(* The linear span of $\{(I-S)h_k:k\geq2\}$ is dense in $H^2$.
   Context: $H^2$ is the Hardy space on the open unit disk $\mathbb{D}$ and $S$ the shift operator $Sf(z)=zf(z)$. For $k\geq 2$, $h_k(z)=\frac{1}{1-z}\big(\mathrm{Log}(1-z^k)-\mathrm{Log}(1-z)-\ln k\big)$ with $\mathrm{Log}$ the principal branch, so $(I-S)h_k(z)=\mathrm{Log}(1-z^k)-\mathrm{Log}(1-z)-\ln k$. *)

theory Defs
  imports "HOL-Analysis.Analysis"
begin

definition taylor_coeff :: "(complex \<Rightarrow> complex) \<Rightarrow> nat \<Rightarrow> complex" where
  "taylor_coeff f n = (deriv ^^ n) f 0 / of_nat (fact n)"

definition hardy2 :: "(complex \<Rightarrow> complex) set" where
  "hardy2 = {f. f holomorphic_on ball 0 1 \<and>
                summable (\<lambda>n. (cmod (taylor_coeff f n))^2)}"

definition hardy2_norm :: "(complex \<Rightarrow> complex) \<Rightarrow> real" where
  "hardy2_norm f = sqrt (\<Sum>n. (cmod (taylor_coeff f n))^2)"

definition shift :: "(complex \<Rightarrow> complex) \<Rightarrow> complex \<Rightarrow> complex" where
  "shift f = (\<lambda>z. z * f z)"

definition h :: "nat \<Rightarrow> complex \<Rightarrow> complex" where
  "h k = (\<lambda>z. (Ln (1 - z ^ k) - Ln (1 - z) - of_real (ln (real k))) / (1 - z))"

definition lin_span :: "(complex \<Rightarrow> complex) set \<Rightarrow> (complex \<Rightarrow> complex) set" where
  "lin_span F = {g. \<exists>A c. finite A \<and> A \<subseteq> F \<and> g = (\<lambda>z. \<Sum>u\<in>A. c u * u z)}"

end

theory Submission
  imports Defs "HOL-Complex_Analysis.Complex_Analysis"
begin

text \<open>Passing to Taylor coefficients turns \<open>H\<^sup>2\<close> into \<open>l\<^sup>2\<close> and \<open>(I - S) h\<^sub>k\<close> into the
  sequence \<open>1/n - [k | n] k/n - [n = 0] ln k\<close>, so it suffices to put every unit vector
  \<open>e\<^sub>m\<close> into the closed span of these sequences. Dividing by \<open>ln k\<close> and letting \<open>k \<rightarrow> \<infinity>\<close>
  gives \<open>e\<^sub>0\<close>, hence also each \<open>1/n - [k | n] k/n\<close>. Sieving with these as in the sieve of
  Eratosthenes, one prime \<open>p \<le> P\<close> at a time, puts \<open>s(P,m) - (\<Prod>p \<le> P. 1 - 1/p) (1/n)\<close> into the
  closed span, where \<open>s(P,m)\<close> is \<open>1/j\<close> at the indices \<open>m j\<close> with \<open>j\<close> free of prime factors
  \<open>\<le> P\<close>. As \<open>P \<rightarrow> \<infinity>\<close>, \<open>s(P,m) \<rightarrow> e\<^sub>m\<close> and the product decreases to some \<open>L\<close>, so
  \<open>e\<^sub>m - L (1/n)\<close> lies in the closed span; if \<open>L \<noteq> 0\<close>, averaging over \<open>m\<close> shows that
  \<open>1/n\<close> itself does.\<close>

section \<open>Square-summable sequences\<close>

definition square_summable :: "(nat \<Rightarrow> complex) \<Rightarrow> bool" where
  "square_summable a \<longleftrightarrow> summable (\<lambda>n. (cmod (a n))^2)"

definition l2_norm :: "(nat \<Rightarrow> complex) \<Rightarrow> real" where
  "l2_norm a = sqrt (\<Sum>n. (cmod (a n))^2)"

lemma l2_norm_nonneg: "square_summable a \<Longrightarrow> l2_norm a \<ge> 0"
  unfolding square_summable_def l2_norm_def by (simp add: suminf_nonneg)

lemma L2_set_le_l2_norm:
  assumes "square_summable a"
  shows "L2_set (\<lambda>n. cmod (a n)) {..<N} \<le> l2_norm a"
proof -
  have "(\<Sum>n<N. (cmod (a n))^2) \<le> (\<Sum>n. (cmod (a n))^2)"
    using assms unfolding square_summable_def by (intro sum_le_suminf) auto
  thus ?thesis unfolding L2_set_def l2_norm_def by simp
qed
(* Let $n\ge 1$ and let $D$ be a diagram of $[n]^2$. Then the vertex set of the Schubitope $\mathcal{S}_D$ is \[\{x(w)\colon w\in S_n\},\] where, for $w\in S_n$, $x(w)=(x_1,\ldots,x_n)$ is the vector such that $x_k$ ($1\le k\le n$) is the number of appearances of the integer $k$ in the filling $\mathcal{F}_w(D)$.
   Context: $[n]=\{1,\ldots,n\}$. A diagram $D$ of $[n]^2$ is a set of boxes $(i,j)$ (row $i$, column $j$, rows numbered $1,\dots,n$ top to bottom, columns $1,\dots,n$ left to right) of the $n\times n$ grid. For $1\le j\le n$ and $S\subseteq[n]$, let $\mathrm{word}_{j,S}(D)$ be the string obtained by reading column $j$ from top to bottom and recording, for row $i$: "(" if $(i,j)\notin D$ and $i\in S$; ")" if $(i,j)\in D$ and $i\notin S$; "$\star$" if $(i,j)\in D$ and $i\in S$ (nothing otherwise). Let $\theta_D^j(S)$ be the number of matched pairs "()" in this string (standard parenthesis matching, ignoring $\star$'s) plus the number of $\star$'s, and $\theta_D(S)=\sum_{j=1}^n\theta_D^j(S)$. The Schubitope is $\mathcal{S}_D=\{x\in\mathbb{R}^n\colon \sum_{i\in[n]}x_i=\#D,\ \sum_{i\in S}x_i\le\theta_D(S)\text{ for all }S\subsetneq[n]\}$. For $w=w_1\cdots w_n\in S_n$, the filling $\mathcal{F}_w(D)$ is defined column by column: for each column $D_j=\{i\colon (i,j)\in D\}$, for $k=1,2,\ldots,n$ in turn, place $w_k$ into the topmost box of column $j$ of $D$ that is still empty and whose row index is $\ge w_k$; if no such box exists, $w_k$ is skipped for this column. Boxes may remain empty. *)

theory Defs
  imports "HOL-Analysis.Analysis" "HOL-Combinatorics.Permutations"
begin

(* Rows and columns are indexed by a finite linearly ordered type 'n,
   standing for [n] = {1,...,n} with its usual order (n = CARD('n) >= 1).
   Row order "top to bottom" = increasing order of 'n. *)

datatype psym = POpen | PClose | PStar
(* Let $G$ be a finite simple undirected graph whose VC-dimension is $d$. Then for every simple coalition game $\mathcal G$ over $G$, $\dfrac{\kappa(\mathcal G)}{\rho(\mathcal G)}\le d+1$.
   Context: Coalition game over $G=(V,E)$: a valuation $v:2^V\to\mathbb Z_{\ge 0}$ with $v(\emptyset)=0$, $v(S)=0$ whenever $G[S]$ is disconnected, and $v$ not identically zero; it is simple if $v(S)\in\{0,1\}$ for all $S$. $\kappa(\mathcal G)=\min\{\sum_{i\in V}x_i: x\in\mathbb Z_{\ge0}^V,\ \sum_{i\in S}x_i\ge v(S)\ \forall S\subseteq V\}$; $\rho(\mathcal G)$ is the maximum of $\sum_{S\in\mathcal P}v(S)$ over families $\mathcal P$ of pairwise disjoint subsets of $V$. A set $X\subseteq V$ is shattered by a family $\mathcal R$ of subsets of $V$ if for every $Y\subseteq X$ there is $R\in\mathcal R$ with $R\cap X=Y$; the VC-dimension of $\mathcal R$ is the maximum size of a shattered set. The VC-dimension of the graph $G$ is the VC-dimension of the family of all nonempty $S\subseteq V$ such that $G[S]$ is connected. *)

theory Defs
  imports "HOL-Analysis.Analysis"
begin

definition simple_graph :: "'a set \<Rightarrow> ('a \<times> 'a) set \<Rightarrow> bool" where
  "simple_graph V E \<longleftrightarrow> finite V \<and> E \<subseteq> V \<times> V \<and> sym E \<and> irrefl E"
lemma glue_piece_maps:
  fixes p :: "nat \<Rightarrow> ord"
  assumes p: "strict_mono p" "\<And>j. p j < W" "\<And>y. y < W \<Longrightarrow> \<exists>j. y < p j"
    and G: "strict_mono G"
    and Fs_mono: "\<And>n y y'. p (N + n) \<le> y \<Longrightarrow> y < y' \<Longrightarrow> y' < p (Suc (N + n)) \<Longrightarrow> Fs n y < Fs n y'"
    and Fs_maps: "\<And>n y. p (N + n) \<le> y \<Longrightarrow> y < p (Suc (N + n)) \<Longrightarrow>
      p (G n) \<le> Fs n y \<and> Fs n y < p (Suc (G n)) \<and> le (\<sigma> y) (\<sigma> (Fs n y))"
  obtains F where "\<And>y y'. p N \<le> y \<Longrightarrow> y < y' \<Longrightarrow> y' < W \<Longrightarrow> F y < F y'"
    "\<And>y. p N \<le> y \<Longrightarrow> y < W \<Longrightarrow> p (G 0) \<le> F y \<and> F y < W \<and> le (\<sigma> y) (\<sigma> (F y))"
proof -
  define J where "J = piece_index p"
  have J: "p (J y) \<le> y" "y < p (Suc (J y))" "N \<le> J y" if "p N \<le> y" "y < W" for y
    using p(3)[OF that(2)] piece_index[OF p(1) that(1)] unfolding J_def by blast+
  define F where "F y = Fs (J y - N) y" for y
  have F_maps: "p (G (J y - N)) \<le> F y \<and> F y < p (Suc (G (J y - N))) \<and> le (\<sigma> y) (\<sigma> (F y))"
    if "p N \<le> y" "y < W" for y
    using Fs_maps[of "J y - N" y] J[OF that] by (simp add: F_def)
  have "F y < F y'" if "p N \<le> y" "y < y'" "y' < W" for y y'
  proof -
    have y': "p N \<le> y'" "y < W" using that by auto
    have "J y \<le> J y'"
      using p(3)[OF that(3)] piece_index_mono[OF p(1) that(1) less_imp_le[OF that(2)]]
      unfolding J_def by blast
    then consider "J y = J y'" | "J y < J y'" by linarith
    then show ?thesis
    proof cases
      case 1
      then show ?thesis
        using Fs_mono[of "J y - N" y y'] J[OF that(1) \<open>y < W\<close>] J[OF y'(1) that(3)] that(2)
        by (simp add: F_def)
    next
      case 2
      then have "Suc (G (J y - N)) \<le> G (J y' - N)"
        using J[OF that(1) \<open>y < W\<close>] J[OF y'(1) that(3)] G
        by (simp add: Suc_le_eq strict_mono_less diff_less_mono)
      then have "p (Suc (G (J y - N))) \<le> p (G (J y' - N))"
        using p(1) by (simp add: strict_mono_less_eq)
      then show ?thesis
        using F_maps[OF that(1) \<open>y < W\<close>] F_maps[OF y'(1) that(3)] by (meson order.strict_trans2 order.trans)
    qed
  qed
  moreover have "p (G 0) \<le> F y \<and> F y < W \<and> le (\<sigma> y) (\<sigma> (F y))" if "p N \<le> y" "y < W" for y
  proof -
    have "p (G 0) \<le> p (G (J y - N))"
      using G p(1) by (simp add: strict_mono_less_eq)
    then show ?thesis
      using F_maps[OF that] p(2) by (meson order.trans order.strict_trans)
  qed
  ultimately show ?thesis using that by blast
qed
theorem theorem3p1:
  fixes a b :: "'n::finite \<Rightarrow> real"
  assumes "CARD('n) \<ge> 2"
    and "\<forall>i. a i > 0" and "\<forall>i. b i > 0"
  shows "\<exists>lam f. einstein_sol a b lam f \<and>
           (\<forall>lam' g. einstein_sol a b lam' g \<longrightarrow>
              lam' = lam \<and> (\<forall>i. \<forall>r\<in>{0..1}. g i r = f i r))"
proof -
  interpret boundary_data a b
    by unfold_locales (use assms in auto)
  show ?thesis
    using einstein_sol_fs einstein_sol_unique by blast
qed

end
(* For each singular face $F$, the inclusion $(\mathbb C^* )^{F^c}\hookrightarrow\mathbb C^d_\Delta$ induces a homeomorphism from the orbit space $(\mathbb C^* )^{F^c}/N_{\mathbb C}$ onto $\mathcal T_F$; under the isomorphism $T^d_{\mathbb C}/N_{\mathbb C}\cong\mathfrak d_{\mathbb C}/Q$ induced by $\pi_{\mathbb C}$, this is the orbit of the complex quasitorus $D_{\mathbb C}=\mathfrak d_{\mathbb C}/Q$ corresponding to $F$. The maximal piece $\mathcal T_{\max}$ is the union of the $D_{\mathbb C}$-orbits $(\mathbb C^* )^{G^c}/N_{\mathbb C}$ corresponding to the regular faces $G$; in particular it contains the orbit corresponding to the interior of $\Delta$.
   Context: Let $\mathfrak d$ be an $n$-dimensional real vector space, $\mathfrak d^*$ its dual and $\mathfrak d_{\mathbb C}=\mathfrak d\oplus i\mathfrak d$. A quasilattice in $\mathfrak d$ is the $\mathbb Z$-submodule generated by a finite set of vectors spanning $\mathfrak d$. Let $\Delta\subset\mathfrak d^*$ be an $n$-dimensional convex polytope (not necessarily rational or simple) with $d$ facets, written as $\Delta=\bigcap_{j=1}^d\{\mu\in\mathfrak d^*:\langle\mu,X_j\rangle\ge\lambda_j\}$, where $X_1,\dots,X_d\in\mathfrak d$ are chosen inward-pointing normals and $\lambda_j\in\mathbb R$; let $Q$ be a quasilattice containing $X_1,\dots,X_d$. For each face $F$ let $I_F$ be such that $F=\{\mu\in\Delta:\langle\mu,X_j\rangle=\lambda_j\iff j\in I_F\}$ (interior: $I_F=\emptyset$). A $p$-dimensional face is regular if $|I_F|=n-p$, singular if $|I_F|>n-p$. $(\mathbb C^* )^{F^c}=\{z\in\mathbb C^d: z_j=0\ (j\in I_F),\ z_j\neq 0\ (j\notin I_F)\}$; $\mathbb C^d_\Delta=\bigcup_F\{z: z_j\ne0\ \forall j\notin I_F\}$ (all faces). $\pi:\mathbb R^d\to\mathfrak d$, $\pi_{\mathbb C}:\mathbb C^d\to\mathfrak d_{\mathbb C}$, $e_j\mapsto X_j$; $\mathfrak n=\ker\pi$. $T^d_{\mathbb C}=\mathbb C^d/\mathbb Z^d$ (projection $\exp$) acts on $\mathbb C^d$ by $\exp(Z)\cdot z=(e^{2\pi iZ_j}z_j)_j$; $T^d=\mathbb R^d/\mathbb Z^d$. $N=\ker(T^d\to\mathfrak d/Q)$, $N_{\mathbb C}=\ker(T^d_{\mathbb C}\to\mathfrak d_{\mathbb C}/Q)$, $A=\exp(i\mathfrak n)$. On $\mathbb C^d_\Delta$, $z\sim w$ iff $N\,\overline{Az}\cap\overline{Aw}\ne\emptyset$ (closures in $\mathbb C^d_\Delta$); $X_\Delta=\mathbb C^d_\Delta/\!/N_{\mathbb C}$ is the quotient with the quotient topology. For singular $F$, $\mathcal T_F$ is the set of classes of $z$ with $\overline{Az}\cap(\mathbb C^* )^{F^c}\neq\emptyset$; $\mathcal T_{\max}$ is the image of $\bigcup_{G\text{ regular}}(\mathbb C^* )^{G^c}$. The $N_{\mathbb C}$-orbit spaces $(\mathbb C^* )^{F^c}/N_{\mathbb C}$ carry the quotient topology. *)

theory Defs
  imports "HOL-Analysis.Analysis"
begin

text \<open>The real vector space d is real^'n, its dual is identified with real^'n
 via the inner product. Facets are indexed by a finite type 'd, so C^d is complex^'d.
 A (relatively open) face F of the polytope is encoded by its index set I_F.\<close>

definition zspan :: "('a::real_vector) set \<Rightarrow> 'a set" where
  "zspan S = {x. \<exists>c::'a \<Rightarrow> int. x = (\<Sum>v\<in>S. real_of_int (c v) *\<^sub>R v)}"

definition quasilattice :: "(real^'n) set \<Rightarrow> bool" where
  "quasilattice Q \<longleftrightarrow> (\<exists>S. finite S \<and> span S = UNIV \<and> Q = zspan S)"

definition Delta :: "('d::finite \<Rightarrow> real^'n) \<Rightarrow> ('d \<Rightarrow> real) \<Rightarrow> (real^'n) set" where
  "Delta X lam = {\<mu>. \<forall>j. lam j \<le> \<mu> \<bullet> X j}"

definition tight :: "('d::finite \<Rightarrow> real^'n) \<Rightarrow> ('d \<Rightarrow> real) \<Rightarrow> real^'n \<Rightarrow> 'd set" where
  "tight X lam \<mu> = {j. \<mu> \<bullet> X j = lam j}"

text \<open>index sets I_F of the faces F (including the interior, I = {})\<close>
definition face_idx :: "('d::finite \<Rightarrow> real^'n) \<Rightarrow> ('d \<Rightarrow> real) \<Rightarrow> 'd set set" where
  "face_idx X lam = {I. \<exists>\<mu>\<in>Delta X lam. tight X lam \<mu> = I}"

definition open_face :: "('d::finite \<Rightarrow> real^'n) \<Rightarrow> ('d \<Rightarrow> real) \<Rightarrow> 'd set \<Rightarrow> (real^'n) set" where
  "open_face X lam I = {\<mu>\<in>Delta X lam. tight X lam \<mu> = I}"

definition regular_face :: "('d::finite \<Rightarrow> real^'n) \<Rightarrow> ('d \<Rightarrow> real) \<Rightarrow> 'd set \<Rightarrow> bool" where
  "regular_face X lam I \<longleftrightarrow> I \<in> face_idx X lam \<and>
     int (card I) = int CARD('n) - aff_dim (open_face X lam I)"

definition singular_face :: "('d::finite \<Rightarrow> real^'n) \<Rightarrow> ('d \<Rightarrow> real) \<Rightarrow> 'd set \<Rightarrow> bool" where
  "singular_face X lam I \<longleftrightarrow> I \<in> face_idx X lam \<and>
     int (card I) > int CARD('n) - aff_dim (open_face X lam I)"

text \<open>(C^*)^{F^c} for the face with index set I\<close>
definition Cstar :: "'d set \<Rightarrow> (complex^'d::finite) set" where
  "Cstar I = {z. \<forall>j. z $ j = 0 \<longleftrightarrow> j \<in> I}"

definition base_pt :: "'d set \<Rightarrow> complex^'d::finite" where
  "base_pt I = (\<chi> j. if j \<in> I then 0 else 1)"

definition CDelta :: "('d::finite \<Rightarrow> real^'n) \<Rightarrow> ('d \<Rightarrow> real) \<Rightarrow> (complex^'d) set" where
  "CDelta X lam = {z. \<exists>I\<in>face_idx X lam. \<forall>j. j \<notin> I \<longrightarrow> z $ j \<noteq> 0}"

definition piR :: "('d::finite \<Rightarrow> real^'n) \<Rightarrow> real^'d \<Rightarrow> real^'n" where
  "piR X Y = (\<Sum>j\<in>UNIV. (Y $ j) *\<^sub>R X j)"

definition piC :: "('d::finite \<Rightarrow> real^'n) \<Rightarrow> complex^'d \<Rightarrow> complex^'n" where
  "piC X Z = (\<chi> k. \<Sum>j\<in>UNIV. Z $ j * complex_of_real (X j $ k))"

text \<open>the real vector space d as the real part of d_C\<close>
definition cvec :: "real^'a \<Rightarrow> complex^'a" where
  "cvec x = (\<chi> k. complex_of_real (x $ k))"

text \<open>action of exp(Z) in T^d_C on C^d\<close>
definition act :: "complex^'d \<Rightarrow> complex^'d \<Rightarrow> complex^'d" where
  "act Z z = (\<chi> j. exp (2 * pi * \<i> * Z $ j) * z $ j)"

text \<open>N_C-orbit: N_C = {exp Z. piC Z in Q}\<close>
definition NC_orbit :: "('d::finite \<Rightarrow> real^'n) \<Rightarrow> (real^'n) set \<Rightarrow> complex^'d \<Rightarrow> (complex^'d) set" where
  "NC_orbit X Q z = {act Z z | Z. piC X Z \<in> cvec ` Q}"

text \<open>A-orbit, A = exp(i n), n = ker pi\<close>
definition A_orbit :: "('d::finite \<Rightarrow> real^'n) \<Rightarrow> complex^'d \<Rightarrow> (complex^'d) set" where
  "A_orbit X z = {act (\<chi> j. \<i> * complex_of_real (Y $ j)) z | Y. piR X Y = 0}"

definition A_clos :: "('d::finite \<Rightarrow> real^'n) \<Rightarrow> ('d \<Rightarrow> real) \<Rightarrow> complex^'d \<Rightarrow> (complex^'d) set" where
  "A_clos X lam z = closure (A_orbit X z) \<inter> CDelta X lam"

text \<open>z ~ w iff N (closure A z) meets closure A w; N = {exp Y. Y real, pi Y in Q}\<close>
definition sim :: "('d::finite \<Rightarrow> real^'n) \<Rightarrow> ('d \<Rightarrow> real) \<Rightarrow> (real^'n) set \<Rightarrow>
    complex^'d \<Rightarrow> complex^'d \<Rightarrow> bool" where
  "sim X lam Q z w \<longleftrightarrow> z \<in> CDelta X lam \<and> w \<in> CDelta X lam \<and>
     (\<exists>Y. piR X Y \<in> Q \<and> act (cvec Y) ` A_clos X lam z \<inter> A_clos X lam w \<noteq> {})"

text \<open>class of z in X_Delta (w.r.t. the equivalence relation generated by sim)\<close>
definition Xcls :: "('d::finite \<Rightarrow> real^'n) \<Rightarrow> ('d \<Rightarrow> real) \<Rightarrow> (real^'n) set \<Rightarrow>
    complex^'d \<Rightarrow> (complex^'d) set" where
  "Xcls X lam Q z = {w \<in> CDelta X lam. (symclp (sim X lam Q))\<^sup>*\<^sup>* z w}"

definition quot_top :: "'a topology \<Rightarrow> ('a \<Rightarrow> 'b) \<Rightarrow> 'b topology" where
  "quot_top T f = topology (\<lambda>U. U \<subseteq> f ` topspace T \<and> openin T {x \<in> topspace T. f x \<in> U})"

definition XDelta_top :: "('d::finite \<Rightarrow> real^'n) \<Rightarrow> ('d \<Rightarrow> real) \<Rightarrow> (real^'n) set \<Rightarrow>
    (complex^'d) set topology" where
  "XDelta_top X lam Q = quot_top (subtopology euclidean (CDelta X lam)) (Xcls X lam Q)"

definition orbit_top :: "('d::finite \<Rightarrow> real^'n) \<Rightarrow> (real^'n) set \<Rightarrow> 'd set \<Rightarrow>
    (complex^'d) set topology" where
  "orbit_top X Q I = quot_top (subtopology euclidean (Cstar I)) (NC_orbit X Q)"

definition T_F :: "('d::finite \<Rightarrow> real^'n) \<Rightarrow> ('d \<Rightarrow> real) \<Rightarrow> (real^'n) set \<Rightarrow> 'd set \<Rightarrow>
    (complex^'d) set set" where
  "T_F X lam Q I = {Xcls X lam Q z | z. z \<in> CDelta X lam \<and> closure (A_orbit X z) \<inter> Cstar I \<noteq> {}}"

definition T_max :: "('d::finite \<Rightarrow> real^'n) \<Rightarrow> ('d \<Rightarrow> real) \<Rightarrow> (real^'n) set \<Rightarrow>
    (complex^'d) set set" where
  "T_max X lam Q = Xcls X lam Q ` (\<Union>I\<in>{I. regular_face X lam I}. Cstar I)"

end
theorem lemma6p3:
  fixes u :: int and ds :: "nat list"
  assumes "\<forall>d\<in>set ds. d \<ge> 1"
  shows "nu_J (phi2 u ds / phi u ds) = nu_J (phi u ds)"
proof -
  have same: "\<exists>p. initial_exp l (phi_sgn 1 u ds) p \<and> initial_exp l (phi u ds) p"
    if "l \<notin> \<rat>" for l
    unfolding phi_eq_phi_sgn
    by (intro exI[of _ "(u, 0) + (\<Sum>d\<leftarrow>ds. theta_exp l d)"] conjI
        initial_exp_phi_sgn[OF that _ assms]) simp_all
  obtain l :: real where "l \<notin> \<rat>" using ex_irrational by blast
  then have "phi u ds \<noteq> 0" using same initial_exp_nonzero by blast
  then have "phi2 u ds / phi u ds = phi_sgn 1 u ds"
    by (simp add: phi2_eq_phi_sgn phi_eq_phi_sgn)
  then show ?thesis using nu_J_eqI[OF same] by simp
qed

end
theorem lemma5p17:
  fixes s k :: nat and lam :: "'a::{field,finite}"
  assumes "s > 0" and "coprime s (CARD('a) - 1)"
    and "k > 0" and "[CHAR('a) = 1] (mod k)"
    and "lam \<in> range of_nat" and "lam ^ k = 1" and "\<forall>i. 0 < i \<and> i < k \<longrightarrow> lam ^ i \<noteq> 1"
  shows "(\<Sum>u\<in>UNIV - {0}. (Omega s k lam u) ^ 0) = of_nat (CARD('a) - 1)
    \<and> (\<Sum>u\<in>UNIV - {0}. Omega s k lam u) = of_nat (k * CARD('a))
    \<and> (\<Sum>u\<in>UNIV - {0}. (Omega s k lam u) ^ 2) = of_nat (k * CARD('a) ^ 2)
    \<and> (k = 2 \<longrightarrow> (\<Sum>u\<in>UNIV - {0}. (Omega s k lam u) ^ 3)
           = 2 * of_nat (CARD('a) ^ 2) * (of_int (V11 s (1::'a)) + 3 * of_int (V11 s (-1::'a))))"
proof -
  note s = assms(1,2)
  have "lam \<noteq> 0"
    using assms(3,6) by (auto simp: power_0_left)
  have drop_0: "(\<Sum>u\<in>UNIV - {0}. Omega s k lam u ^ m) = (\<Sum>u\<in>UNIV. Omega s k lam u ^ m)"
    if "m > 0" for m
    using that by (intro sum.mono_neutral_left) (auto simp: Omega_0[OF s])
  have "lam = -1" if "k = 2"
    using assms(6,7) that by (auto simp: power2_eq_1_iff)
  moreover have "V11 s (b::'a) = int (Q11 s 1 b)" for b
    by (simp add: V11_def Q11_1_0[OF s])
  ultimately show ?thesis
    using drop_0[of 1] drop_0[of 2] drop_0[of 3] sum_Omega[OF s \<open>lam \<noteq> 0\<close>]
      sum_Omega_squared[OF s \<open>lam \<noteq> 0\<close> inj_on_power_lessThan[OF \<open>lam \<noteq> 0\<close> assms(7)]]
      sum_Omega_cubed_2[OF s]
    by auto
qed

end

====================

Within the material above, extract exactly the lines that start at the line containing "(a n))^2) \<le>" and stop after the line containing "(* Let $n\ge", and only those.

  have "(\<Sum>n<N. (cmod (a n))^2) \<le> (\<Sum>n. (cmod (a n))^2)"
    using assms unfolding square_summable_def by (intro sum_le_suminf) auto
  thus ?thesis unfolding L2_set_def l2_norm_def by simp
qed
(* Let $n\ge 1$ and let $D$ be a diagram of $[n]^2$. Then the vertex set of the Schubitope $\mathcal{S}_D$ is \[\{x(w)\colon w\in S_n\},\] where, for $w\in S_n$, $x(w)=(x_1,\ldots,x_n)$ is the vector such that $x_k$ ($1\le k\le n$) is the number of appearances of the integer $k$ in the filling $\mathcal{F}_w(D)$.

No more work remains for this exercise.